ABOUT THIS EXERCISE
Check the entries below and say how many lines include the word "Longrightarrow". No other text is wanted.

- Opening Delimiter -

lemma translation_candidate_exists:
  assumes X: "x \<in> X" "z \<in> X"
    and surj: "qmap (canp ma rho z x) (krel2 sa sh (A z z) (H z x)) ` tensB sa ma (B x) (A z x) (A x z)
               = tensK sa sh (A z z) (H z x)"
  obtains \<gamma> where "\<And>h. h \<in> H z x \<Longrightarrow> \<gamma> h \<in> finsupp_on (A z x \<times> A x z)"
    and "\<And>h. h \<in> H z x \<Longrightarrow> (canp ma rho z x (\<gamma> h), fdelta (ua z, h)) \<in> krel2 sa sh (A z z) (H z x)"
proof -
  have resp: "\<And>u v. (u, v) \<in> brel sa ma (B x) (A z x) (A x z) \<Longrightarrow>
      (canp ma rho z x u, canp ma rho z x v) \<in> krel2 sa sh (A z z) (H z x)"
    by (rule canp_brel[OF X(1,2,2)])
  have "\<exists>u\<in>finsupp_on (A z x \<times> A x z). (canp ma rho z x u, fdelta (ua z, h)) \<in> krel2 sa sh (A z z) (H z x)"
    if h: "h \<in> H z x" for h
  proof (rule qmap_surjD[OF equiv_brel equiv_krel2 resp])
    show "qmap (canp ma rho z x) (krel2 sa sh (A z z) (H z x)) `
            (finsupp_on (A z x \<times> A x z) // brel sa ma (B x) (A z x) (A x z))
          = finsupp_on (A z z \<times> H z x) // krel2 sa sh (A z z) (H z x)"
      using surj by (simp add: tensB_eq_quotient tensK_eq_quotient)
    show "fdelta (ua z, h) \<in> finsupp_on (A z z \<times> H z x)"
      using X h by (simp add: finsupp_on_fdelta A.ident_closed)
  qed
  then show thesis
    using that by metis
qed

lemma brel_of_canp_krel2:
  assumes X: "x \<in> X" "y \<in> X" "z \<in> X"
    and inj: "inj_on (qmap (canp ma rho z x) (krel2 sa sh (A z y) (H z x))) (tensB sa ma (B x) (A z x) (A x y))"
    and u: "u \<in> finsupp_on (A z x \<times> A x y)" and v: "v \<in> finsupp_on (A z x \<times> A x y)"
    and uv: "(canp ma rho z x u, canp ma rho z x v) \<in> krel2 sa sh (A z y) (H z x)"
  shows "(u, v) \<in> brel sa ma (B x) (A z x) (A x y)"
proof (rule inj_on_qmapD[OF equiv_brel equiv_krel2, where f = "canp ma rho z x"])
  show "\<And>u v. (u, v) \<in> brel sa ma (B x) (A z x) (A x y) \<Longrightarrow>
      (canp ma rho z x u, canp ma rho z x v) \<in> krel2 sa sh (A z y) (H z x)"
    by (rule canp_brel[OF X])
  show "inj_on (qmap (canp ma rho z x) (krel2 sa sh (A z y) (H z x)))
          (finsupp_on (A z x \<times> A x y) // brel sa ma (B x) (A z x) (A x y))"
    using inj by (simp add: tensB_eq_quotient)
qed (fact u v uv)+

lemma qlinear_translation:
  assumes X: "x \<in> X" "z \<in> X"
    and inj: "inj_on (qmap (canp ma rho z x) (krel2 sa sh (A z z) (H z x))) (tensB sa ma (B x) (A z x) (A x z))"
    and \<gamma>: "\<And>h. h \<in> H z x \<Longrightarrow> \<gamma> h \<in> finsupp_on (A z x \<times> A x z)"
    and \<gamma>_can: "\<And>h. h \<in> H z x \<Longrightarrow> (canp ma rho z x (\<gamma> h), fdelta (ua z, h)) \<in> krel2 sa sh (A z z) (H z x)"
  shows "qlinear_on sh (H z x) (free2 (A z x) (A x z)) (brel sa ma (B x) (A z x) (A x z)) \<gamma>"
proof -
  let ?can = "canp ma rho z x" and ?r = "krel2 sa sh (A z z) (H z x)"
  have reflect: "(u, v) \<in> brel sa ma (B x) (A z x) (A x z)"
    if "u \<in> finsupp_on (A z x \<times> A x z)" "v \<in> finsupp_on (A z x \<times> A x z)"
      and "(?can u, fdelta (ua z, h)) \<in> ?r" "(?can v, fdelta (ua z, h)) \<in> ?r" for u v h
  proof (rule brel_of_canp_krel2[OF X(1,2,2) inj that(1,2)])
    show "(?can u, ?can v) \<in> ?r"
      using that(3,4) unfolding krel2_eq_trel by (rule trel_trans[OF _ trel_sym])
  qed
  have "(\<gamma> (h + h'), fadd (\<gamma> h) (\<gamma> h')) \<in> brel sa ma (B x) (A z x) (A x z)"
    if h: "h \<in> H z x" "h' \<in> H z x" for h h'
  proof (rule reflect)
    have "(?can (fadd (\<gamma> h) (\<gamma> h')), fadd (fdelta (ua z, h)) (fdelta (ua z, h'))) \<in> ?r"
      using \<gamma>_can[OF h(1)] \<gamma>_can[OF h(2)] unfolding krel2_eq_trel
      by (simp add: canp_fadd finsupp_on_finite[OF \<gamma>] h trel_fadd)
    moreover have "(fdelta (ua z, h + h'), fadd (fdelta (ua z, h)) (fdelta (ua z, h'))) \<in> ?r"
      using X h by (simp add: krel2_add_snd A.ident_closed H.add_closed)
    ultimately show "(?can (fadd (\<gamma> h) (\<gamma> h')), fdelta (ua z, h + h')) \<in> ?r"
      unfolding krel2_eq_trel by (rule trel_trans[OF _ trel_sym])
  qed (use X h \<gamma> \<gamma>_can in \<open>simp_all add: H.add_closed finsupp_on_fadd\<close>)
  moreover have "(\<gamma> (sh c h), fscale c (\<gamma> h)) \<in> brel sa ma (B x) (A z x) (A x z)"
    if h: "h \<in> H z x" for c h
  proof (rule reflect)
    have "(?can (fscale c (\<gamma> h)), fscale c (fdelta (ua z, h))) \<in> ?r"
      using \<gamma>_can[OF h] unfolding krel2_eq_trel
      by (simp add: canp_fscale finsupp_on_finite[OF \<gamma>] h trel_fscale)
    moreover have "(fdelta (ua z, sh c h), fscale c (fdelta (ua z, h))) \<in> ?r"
      using X h by (simp add: krel2_scale_snd A.ident_closed H.scale_closed)
    ultimately show "(?can (fscale c (\<gamma> h)), fdelta (ua z, sh c h)) \<in> ?r"
      unfolding krel2_eq_trel by (rule trel_trans[OF _ trel_sym])
  qed (use X h \<gamma> \<gamma>_can in \<open>simp_all add: H.scale_closed finsupp_on_fscale\<close>)
  ultimately show ?thesis
    using \<gamma> by (simp add: qlinear_on_def free2_eq_finsupp_on)
qed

- Closing Delimiter -

TASK RESULT
6